> **Task statement**: The reply to the records below should contain exactly the lines from the line with "using assms by (intro mult_right_mono)" through the line with "using assms by (intro sum_mono) auto", and nothing besides.

> **Given records**:
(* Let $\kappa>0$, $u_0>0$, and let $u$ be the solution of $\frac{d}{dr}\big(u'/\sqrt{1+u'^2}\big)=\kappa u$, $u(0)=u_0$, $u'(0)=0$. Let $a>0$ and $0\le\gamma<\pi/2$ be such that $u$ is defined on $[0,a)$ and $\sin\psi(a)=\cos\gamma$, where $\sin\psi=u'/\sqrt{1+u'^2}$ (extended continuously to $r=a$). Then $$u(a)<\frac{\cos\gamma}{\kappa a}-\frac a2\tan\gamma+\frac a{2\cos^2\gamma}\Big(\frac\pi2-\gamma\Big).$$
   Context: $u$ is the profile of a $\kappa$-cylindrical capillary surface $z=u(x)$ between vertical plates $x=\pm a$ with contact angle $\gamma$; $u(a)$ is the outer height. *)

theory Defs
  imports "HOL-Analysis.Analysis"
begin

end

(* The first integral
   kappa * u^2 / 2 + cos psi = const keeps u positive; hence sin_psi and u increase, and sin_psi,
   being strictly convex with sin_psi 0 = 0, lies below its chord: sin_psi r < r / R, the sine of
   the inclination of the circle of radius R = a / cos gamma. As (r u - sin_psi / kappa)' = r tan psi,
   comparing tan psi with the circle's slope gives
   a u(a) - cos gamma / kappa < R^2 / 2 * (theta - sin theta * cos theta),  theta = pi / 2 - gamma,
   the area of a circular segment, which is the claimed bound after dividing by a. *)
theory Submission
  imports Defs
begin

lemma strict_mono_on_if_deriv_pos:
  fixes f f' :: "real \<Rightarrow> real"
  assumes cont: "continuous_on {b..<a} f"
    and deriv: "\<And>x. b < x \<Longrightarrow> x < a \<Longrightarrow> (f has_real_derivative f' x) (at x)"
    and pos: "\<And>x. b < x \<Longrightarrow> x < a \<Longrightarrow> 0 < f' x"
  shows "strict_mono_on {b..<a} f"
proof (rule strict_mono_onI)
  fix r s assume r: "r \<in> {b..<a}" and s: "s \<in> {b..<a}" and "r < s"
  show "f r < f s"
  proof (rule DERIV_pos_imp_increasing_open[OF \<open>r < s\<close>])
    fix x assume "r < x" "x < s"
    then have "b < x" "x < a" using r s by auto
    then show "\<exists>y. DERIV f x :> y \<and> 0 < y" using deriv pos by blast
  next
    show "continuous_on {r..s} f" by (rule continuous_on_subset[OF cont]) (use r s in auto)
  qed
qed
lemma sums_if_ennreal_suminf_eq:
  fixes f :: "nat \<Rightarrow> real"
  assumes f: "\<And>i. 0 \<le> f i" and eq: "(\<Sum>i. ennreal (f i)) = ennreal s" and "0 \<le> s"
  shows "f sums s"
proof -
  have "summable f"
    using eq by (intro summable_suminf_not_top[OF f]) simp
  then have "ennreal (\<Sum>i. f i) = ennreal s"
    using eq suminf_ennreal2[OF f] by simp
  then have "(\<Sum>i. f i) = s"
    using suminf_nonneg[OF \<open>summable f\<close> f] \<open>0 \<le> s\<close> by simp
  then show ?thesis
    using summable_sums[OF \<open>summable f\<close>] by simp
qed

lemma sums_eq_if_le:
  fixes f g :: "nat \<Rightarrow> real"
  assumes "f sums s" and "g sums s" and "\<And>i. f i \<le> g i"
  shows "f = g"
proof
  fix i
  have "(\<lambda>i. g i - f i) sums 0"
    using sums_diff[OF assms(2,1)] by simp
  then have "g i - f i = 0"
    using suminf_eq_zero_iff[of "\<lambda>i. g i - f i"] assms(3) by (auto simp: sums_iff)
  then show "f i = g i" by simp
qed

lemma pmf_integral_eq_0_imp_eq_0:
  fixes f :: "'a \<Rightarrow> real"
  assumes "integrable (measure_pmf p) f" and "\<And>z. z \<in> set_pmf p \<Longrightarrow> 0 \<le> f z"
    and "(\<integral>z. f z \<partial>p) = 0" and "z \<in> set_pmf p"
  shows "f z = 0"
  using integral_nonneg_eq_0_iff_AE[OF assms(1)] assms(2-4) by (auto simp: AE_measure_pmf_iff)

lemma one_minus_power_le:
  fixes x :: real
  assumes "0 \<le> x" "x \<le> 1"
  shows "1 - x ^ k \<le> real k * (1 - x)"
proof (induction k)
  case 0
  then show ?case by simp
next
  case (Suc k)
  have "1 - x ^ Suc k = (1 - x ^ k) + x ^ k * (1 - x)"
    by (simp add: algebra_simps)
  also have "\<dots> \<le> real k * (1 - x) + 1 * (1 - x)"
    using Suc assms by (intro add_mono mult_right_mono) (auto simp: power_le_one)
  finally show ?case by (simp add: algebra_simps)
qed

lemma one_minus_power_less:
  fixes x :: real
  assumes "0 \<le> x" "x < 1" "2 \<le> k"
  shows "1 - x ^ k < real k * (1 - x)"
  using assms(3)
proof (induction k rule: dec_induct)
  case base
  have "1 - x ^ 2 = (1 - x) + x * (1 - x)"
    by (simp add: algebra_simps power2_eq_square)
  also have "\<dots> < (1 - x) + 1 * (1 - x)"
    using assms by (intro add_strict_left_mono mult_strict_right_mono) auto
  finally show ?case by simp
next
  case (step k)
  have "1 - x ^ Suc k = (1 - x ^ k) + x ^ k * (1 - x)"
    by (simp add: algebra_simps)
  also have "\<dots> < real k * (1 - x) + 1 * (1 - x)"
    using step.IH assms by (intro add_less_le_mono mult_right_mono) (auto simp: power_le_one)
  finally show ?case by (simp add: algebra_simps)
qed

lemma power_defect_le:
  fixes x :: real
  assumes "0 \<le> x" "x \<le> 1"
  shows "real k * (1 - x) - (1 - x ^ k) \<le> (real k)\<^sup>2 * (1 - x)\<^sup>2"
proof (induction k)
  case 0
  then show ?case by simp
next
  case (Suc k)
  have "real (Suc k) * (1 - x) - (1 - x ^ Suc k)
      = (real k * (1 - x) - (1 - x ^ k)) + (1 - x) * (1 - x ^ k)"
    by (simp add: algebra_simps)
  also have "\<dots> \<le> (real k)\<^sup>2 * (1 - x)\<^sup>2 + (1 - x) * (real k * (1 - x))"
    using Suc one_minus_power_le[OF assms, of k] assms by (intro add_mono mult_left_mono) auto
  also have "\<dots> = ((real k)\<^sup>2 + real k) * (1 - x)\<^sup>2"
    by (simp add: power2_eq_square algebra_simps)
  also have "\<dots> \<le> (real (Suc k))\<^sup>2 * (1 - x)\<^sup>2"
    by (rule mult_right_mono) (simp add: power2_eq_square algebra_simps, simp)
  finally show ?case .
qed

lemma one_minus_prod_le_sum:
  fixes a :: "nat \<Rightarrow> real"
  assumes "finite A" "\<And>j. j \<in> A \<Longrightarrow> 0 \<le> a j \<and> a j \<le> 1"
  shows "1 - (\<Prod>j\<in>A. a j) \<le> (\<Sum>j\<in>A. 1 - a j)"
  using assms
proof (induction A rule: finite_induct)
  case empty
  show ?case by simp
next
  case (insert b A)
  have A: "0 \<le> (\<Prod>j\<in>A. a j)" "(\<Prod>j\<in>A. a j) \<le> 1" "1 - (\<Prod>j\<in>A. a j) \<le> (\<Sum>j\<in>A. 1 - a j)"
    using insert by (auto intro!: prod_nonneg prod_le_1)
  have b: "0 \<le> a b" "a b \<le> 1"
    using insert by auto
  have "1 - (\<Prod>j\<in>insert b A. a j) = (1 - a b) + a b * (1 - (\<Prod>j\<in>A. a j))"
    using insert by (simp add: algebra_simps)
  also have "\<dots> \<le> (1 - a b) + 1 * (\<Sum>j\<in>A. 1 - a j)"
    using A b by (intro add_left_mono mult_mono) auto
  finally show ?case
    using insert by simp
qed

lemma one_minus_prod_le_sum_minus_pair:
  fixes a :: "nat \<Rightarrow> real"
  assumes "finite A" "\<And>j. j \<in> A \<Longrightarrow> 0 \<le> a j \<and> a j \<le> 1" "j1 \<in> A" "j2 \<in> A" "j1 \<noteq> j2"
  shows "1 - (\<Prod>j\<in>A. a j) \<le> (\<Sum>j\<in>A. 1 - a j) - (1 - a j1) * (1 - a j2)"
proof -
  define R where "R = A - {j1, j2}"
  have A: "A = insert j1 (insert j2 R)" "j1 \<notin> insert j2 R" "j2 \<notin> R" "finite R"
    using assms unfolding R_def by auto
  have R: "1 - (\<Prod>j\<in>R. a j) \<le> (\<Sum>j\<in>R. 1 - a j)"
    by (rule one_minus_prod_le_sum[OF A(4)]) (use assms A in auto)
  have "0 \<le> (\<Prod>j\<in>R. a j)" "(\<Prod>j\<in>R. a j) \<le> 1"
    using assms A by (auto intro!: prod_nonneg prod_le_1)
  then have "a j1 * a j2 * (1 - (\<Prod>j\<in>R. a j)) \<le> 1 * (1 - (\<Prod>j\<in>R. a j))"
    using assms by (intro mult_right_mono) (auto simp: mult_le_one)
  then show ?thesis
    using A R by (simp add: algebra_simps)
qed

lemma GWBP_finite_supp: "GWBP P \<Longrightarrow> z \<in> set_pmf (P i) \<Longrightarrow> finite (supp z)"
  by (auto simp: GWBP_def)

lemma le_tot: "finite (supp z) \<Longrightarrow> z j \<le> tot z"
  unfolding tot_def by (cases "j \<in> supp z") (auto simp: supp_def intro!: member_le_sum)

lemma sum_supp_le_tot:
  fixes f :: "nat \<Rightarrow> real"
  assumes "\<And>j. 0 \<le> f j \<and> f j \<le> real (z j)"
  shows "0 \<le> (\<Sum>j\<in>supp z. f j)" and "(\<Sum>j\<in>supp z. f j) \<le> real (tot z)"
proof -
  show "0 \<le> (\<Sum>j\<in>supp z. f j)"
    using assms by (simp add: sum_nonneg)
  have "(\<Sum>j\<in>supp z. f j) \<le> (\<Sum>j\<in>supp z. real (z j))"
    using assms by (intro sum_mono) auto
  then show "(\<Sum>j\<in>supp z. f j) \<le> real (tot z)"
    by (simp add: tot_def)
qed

...

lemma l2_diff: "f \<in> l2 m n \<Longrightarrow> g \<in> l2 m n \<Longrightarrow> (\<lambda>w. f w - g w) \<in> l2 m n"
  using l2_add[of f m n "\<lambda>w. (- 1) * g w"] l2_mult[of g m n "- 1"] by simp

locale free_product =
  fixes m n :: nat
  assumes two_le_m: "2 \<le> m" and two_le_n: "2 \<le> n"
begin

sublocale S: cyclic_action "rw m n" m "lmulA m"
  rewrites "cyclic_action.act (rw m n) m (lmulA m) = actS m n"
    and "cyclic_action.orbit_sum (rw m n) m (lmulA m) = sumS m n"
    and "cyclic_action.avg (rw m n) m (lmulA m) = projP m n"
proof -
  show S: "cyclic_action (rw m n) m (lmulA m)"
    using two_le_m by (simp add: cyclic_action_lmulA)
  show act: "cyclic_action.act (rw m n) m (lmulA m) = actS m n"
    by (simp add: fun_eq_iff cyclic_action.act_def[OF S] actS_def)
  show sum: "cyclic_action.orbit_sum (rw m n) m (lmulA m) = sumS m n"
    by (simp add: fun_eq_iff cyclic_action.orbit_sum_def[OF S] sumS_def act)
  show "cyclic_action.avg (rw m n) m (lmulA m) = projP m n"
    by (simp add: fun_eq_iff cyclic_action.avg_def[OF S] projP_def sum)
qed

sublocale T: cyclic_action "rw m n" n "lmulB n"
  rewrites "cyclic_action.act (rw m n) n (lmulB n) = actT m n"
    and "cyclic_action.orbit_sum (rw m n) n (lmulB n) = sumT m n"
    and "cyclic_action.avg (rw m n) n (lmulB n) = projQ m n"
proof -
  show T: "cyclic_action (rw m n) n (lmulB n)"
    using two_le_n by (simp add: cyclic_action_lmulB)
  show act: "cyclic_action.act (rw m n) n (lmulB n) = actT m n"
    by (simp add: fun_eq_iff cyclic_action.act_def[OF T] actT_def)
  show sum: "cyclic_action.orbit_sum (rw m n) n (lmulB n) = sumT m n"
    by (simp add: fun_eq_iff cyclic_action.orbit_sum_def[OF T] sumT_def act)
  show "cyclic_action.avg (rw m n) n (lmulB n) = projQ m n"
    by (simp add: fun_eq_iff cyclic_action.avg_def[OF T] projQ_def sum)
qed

> **Written response**:
    using assms by (intro mult_right_mono) (auto simp: mult_le_one)
  then show ?thesis
    using A R by (simp add: algebra_simps)
qed

lemma GWBP_finite_supp: "GWBP P \<Longrightarrow> z \<in> set_pmf (P i) \<Longrightarrow> finite (supp z)"
  by (auto simp: GWBP_def)

lemma le_tot: "finite (supp z) \<Longrightarrow> z j \<le> tot z"
  unfolding tot_def by (cases "j \<in> supp z") (auto simp: supp_def intro!: member_le_sum)

lemma sum_supp_le_tot:
  fixes f :: "nat \<Rightarrow> real"
  assumes "\<And>j. 0 \<le> f j \<and> f j \<le> real (z j)"
  shows "0 \<le> (\<Sum>j\<in>supp z. f j)" and "(\<Sum>j\<in>supp z. f j) \<le> real (tot z)"
proof -
  show "0 \<le> (\<Sum>j\<in>supp z. f j)"
    using assms by (simp add: sum_nonneg)
  have "(\<Sum>j\<in>supp z. f j) \<le> (\<Sum>j\<in>supp z. real (z j))"
    using assms by (intro sum_mono) auto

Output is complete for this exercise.